(* Let $\ell\ge7$ and let $F$ be an apexed $\ell$-frame. Then every two holes of $F$ are equivalent.
   Context: A hole is an induced cycle of length at least four. Two holes $C,C'$ are close if $|V(C)\cap V(C')|\ge4$, and equivalent if there is a sequence of holes $C=C_1,\dots,C_n=C'$ with $C_i,C_{i+1}$ close for $1\le i<n$. A threshold graph is a graph with no induced four-vertex path, four-vertex cycle, or complement of a four-vertex cycle. $\ell$-frame for odd $\ell$: let $k\ge3$ and $a_1,\dots,a_k,b_1,\dots,b_k$ be distinct; for $1\le i\le k$, $P_i$ is a path of length $(\ell-3)/2$ with ends $a_i,b_i$, pairwise vertex-disjoint. $A,B$ are threshold graphs on $\{a_1,\dots,a_k\}$ and $\{b_1,\dots,b_k\}$ with $b_ib_j$ an edge iff $a_ia_j$ is not, each of $A,B$ either disconnected or two-connected. The $\ell$-frame is $A\cup B\cup P_1\cup\dots\cup P_k$ (no other edges). Exactly one of $A,B$ is disconnected; the apexed $\ell$-frame adds a new vertex adjacent exactly to all vertices of the disconnected one. $\ell$-frame for even $\ell$: let $m\ge0$, $n\ge2$, $m+n\ge3$, and $a_1,\dots,a_n,c_1,\dots,c_m,b_1,\dots,b_n,d_1,\dots,d_m$ distinct. $P_i$ ($1\le i\le n$) is a path of length $\ell/2-2$ between $a_i,b_i$; $Q_i$ ($1\le i\le m$) a path of length $\ell/2-1$ between $c_i,d_i$; all pairwise disjoint. $A$ on $\{a_i\}\cup\{c_j\}$ and $B$ on $\{b_i\}\cup\{d_j\}$: $\{c_j\},\{d_j\}$ cliques; $\{a_i\},\{b_i\}$ stable; the bipartite graph of $A$ between $\{a_i\}$ and $\{c_j\}$ has no induced two-edge matching; $b_id_j$ is an edge iff $a_ic_j$ is not; some $a_i$ has degree zero in $A$ and some $b_i$ degree zero in $B$; no other edges. The $\ell$-frame is $A\cup B\cup\bigcup P_i\cup\bigcup Q_j$; the apexed $\ell$-frame adds a new vertex adjacent exactly to $V(A)$ and a new vertex adjacent exactly to $V(B)$. *)

theory Defs
  imports Main
begin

※ ※ ※

### Brief
Your answer must be the complete listing, repeated exactly.

### Solution for this task
(* Let $\ell\ge7$ and let $F$ be an apexed $\ell$-frame. Then every two holes of $F$ are equivalent.
   Context: A hole is an induced cycle of length at least four. Two holes $C,C'$ are close if $|V(C)\cap V(C')|\ge4$, and equivalent if there is a sequence of holes $C=C_1,\dots,C_n=C'$ with $C_i,C_{i+1}$ close for $1\le i<n$. A threshold graph is a graph with no induced four-vertex path, four-vertex cycle, or complement of a four-vertex cycle. $\ell$-frame for odd $\ell$: let $k\ge3$ and $a_1,\dots,a_k,b_1,\dots,b_k$ be distinct; for $1\le i\le k$, $P_i$ is a path of length $(\ell-3)/2$ with ends $a_i,b_i$, pairwise vertex-disjoint. $A,B$ are threshold graphs on $\{a_1,\dots,a_k\}$ and $\{b_1,\dots,b_k\}$ with $b_ib_j$ an edge iff $a_ia_j$ is not, each of $A,B$ either disconnected or two-connected. The $\ell$-frame is $A\cup B\cup P_1\cup\dots\cup P_k$ (no other edges). Exactly one of $A,B$ is disconnected; the apexed $\ell$-frame adds a new vertex adjacent exactly to all vertices of the disconnected one. $\ell$-frame for even $\ell$: let $m\ge0$, $n\ge2$, $m+n\ge3$, and $a_1,\dots,a_n,c_1,\dots,c_m,b_1,\dots,b_n,d_1,\dots,d_m$ distinct. $P_i$ ($1\le i\le n$) is a path of length $\ell/2-2$ between $a_i,b_i$; $Q_i$ ($1\le i\le m$) a path of length $\ell/2-1$ between $c_i,d_i$; all pairwise disjoint. $A$ on $\{a_i\}\cup\{c_j\}$ and $B$ on $\{b_i\}\cup\{d_j\}$: $\{c_j\},\{d_j\}$ cliques; $\{a_i\},\{b_i\}$ stable; the bipartite graph of $A$ between $\{a_i\}$ and $\{c_j\}$ has no induced two-edge matching; $b_id_j$ is an edge iff $a_ic_j$ is not; some $a_i$ has degree zero in $A$ and some $b_i$ degree zero in $B$; no other edges. The $\ell$-frame is $A\cup B\cup\bigcup P_i\cup\bigcup Q_j$; the apexed $\ell$-frame adds a new vertex adjacent exactly to $V(A)$ and a new vertex adjacent exactly to $V(B)$. *)

theory Defs
  imports Main
begin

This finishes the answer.